_Work instructions_.
Line filter on the word "proof": copy each matching line from the entries.

──────── Supplied material

(* Let $\mathfrak S$ be a commutative semiring and $\sigma_{\mathfrak S}$ a set of ideals of $\mathfrak S$ with the ideal topology. Then $\sigma_{\mathfrak S}$ is sober if and only if, for every ideal $\mathfrak a$ of $\mathfrak S$ such that the subbasic closed set $\mathfrak a^{\uparrow}$ is non-empty and irreducible, one has $\bigcap\{\mathfrak x\in\sigma_{\mathfrak S}\mid \mathfrak a\subseteq\mathfrak x\}\in\sigma_{\mathfrak S}$.
   Context: A semiring $(\mathfrak S,+,0,\cdot,1)$ has $(\mathfrak S,+,0)$ a commutative monoid, $(\mathfrak S,\cdot,1)$ a monoid, $0r=r0=0$, and two-sided distributivity; all semirings are commutative. An ideal is a nonempty proper subset closed under addition and under multiplication by elements of $\mathfrak S$. For an ideal $\mathfrak a$, $\mathfrak a^{\uparrow}=\{\mathfrak x\in\sigma_{\mathfrak S}\mid\mathfrak a\subseteq\mathfrak x\}$; the ideal topology on $\sigma_{\mathfrak S}$ has the sets $\mathfrak a^{\uparrow}$ ($\mathfrak a$ any ideal) as a subbasis of closed sets. A space is sober if every non-empty irreducible closed subset is the closure of a unique point. *)

theory Defs
  imports "HOL-Analysis.Analysis"
begin

definition sr_ideal :: "'a::comm_semiring_1 set \<Rightarrow> bool" where
  "sr_ideal I \<longleftrightarrow> I \<noteq> {} \<and> I \<noteq> UNIV
     \<and> (\<forall>x\<in>I. \<forall>y\<in>I. x + y \<in> I)
     \<and> (\<forall>r. \<forall>x\<in>I. r * x \<in> I)"

definition up_set :: "'a set set \<Rightarrow> 'a set \<Rightarrow> 'a set set" where
  "up_set \<sigma> a = {x \<in> \<sigma>. a \<subseteq> x}"

text \<open>Ideal topology on sigma: the sets up_set sigma a (a any ideal) form a subbasis
  of closed sets; equivalently their complements in sigma (together with sigma itself)
  form a subbasis of open sets.\<close>
definition ideal_topology :: "'a::comm_semiring_1 set set \<Rightarrow> 'a set topology" where
  "ideal_topology \<sigma> =
     topology_generated_by (insert \<sigma> {\<sigma> - up_set \<sigma> a | a. sr_ideal a})"

definition irreducible_in :: "'b topology \<Rightarrow> 'b set \<Rightarrow> bool" where
  "irreducible_in X A \<longleftrightarrow> A \<subseteq> topspace X \<and> A \<noteq> {} \<and>
     (\<forall>F1 F2. closedin X F1 \<and> closedin X F2 \<and> A \<subseteq> F1 \<union> F2 \<longrightarrow> A \<subseteq> F1 \<or> A \<subseteq> F2)"

definition sober :: "'b topology \<Rightarrow> bool" where
  "sober X \<longleftrightarrow> (\<forall>C. closedin X C \<and> C \<noteq> {} \<and> irreducible_in X C \<longrightarrow>
     (\<exists>!x. x \<in> topspace X \<and> C = X closure_of {x}))"

end

theory Submission
  imports Defs
begin

text \<open>Everything rests on one computation: the closure of an irreducible set \<open>C \<subseteq> \<sigma>\<close> is
  \<open>(\<Inter>C)\<^sup>\<up>\<close>. If \<open>y \<in> \<sigma>\<close> lies outside that closure, a finite intersection of subbasic open
  sets contains \<open>y\<close> and misses \<open>C\<close>; by irreducibility a single subbasic set \<open>\<sigma> - a\<^sup>\<up>\<close>
  already misses \<open>C\<close>, so \<open>a \<subseteq> \<Inter>C\<close> but \<open>a \<not>\<subseteq> y\<close>. For singletons this gives that the
  closure of \<open>x\<close> is \<open>x\<^sup>\<up>\<close>, so distinct points have distinct closures (\<open>x = \<Inter>x\<^sup>\<up>\<close>); for an
  irreducible closed \<open>C\<close> it gives \<open>C = (\<Inter>C)\<^sup>\<up>\<close>, which is the closure of a point exactly
  when \<open>\<Inter>C \<in> \<sigma>\<close>.\<close>

lemma irreducible_in_disjoint_Int_openin:
  assumes "irreducible_in X C" "openin X U" "openin X V" "C \<inter> (U \<inter> V) = {}"
  shows "C \<inter> U = {} \<or> C \<inter> V = {}"
proof -
  have "C \<subseteq> (topspace X - U) \<union> (topspace X - V)"
    using assms(1,4) unfolding irreducible_in_def by blast
  then have "C \<subseteq> topspace X - U \<or> C \<subseteq> topspace X - V"
    using assms(1-3) unfolding irreducible_in_def by blast
  then show ?thesis by blast
qed

lemma subset_closure_of_irreducible_subbasis:
  assumes irr: "irreducible_in (topology_generated_by S) C"
    and "D \<subseteq> \<Union>S"
    and subbasis: "\<And>s. s \<in> S \<Longrightarrow> s \<inter> C = {} \<Longrightarrow> s \<inter> D = {}"
  shows "D \<subseteq> topology_generated_by S closure_of C"
proof -
  have disjoint: "C \<inter> U = {} \<longrightarrow> D \<inter> U = {}" if "generate_topology_on S U" for U
    using that
  proof (induction rule: generate_topology_on.induct)
    case (Int U V)
    then have "openin (topology_generated_by S) U" "openin (topology_generated_by S) V"
      by (simp_all add: openin_topology_generated_by_iff)
    then show ?case
      using Int.IH irreducible_in_disjoint_Int_openin[OF irr] by blast
  next
    case (UN K)
    then show ?case by blast
  next
    case (Basis s)
    then show ?case using subbasis by blast
  qed auto
  show ?thesis
  proof
    fix x assume "x \<in> D"
    then show "x \<in> topology_generated_by S closure_of C"
      using \<open>D \<subseteq> \<Union>S\<close> disjoint
      unfolding in_closure_of openin_topology_generated_by_iff topology_generated_by_topspace
      by blast
  qed
qed

lemma irreducible_in_singleton: "x \<in> topspace X \<Longrightarrow> irreducible_in X {x}"
  unfolding irreducible_in_def by auto

lemma topspace_ideal_topology [simp]: "topspace (ideal_topology \<sigma>) = \<sigma>"
  unfolding ideal_topology_def up_set_def by auto

lemma closedin_up_set: "sr_ideal a \<Longrightarrow> closedin (ideal_topology \<sigma>) (up_set \<sigma> a)"
  unfolding closedin_def ideal_topology_def openin_topology_generated_by_iff
  by (auto simp: up_set_def intro!: generate_topology_on.Basis)

lemma Inter_up_set: "x \<in> \<sigma> \<Longrightarrow> \<Inter>(up_set \<sigma> x) = x"
  unfolding up_set_def by auto

lemma zero_in_sr_ideal: "sr_ideal a \<Longrightarrow> 0 \<in> a"
  unfolding sr_ideal_def by (metis ex_in_conv mult_zero_left)

lemma sr_ideal_Inter:
  assumes "C \<noteq> {}" "\<forall>x\<in>C. sr_ideal x"
  shows "sr_ideal (\<Inter>C)"
proof -
  have "\<Inter>C \<noteq> UNIV" using assms unfolding sr_ideal_def by auto
  moreover have "0 \<in> \<Inter>C" using assms(2) zero_in_sr_ideal by blast
  ultimately show ?thesis using assms(2) unfolding sr_ideal_def by auto
qed

lemma closure_of_irreducible_ideal_topology:
  assumes ideals: "\<forall>x\<in>\<sigma>. sr_ideal x"
    and irr: "irreducible_in (ideal_topology \<sigma>) C"
  shows "ideal_topology \<sigma> closure_of C = up_set \<sigma> (\<Inter>C)"
proof
  have C: "C \<noteq> {}" "C \<subseteq> \<sigma>" using irr unfolding irreducible_in_def by auto
  then have "sr_ideal (\<Inter>C)" using ideals sr_ideal_Inter by blast
  then show "ideal_topology \<sigma> closure_of C \<subseteq> up_set \<sigma> (\<Inter>C)"
    using C by (intro closure_of_minimal closedin_up_set) (auto simp: up_set_def)
  have subbasic: "s \<inter> up_set \<sigma> (\<Inter>C) = {}"
    if "s \<in> insert \<sigma> {\<sigma> - up_set \<sigma> a | a. sr_ideal a}" "s \<inter> C = {}" for s
    using that C unfolding up_set_def by blast
  show "up_set \<sigma> (\<Inter>C) \<subseteq> ideal_topology \<sigma> closure_of C"
    using irr unfolding ideal_topology_def
    by (intro subset_closure_of_irreducible_subbasis subbasic) (auto simp: up_set_def)
qed

lemma closure_of_singleton_ideal_topology:
  "\<forall>x\<in>\<sigma>. sr_ideal x \<Longrightarrow> x \<in> \<sigma> \<Longrightarrow> ideal_topology \<sigma> closure_of {x} = up_set \<sigma> x"
  using closure_of_irreducible_ideal_topology[of \<sigma> "{x}"] irreducible_in_singleton[of x]
  by simp

lemma closedin_irreducible_ideal_topology_eq:
  assumes "\<forall>x\<in>\<sigma>. sr_ideal x" "closedin (ideal_topology \<sigma>) C" "irreducible_in (ideal_topology \<sigma>) C"
  shows "up_set \<sigma> (\<Inter>C) = C"
  using closure_of_irreducible_ideal_topology[OF assms(1,3)] closure_of_closedin[OF assms(2)]
  by simp

theorem theorem3p9:
  fixes \<sigma> :: "'a::comm_semiring_1 set set"
  assumes "\<forall>x\<in>\<sigma>. sr_ideal x"
  shows "sober (ideal_topology \<sigma>) \<longleftrightarrow>
    (\<forall>a. sr_ideal a \<and> up_set \<sigma> a \<noteq> {} \<and> irreducible_in (ideal_topology \<sigma>) (up_set \<sigma> a)
         \<longrightarrow> \<Inter>{x \<in> \<sigma>. a \<subseteq> x} \<in> \<sigma>)"
  unfolding up_set_def [symmetric]
proof (intro iffI allI impI)
  fix a assume sober: "sober (ideal_topology \<sigma>)"
    and a: "sr_ideal a \<and> up_set \<sigma> a \<noteq> {} \<and> irreducible_in (ideal_topology \<sigma>) (up_set \<sigma> a)"
  then have "closedin (ideal_topology \<sigma>) (up_set \<sigma> a)" using closedin_up_set by blast
  then have "\<exists>x. x \<in> \<sigma> \<and> up_set \<sigma> a = ideal_topology \<sigma> closure_of {x}"
    using sober a unfolding sober_def topspace_ideal_topology by (meson ex1_implies_ex)
  then obtain x where "x \<in> \<sigma>" "up_set \<sigma> a = up_set \<sigma> x"
    using closure_of_singleton_ideal_topology[OF assms] by blast
  then show "\<Inter>(up_set \<sigma> a) \<in> \<sigma>" by (simp add: Inter_up_set)
next
  assume points: "\<forall>a. sr_ideal a \<and> up_set \<sigma> a \<noteq> {} \<and> irreducible_in (ideal_topology \<sigma>) (up_set \<sigma> a)
         \<longrightarrow> \<Inter>(up_set \<sigma> a) \<in> \<sigma>"
  show "sober (ideal_topology \<sigma>)"
    unfolding sober_def topspace_ideal_topology
  proof (intro allI impI)
    fix C assume C: "closedin (ideal_topology \<sigma>) C \<and> C \<noteq> {} \<and> irreducible_in (ideal_topology \<sigma>) C"
    then have C_eq: "up_set \<sigma> (\<Inter>C) = C"
      using closedin_irreducible_ideal_topology_eq[OF assms] by blast
    have "C \<subseteq> \<sigma>" using C closedin_subset by fastforce
    then have "sr_ideal (\<Inter>C)" using C assms sr_ideal_Inter by blast
    then have "\<Inter>C \<in> \<sigma>" using points[rule_format, of "\<Inter>C"] C by (simp add: C_eq)
    show "\<exists>!x. x \<in> \<sigma> \<and> C = ideal_topology \<sigma> closure_of {x}"
    proof (rule ex1I[where a = "\<Inter>C"])
      show "\<Inter>C \<in> \<sigma> \<and> C = ideal_topology \<sigma> closure_of {\<Inter>C}"
        using \<open>\<Inter>C \<in> \<sigma>\<close> closure_of_singleton_ideal_topology[OF assms] C_eq by simp
      show "x = \<Inter>C" if "x \<in> \<sigma> \<and> C = ideal_topology \<sigma> closure_of {x}" for x
        using that by (simp add: closure_of_singleton_ideal_topology[OF assms] Inter_up_set)
    qed
  qed
qed

end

────────────────

_Problem solution_.
proof -
proof -
  proof (induction rule: generate_topology_on.induct)
  proof
proof -
proof
proof (intro iffI allI impI)
  proof (intro allI impI)
    proof (rule ex1I[where a = "\<Inter>C"])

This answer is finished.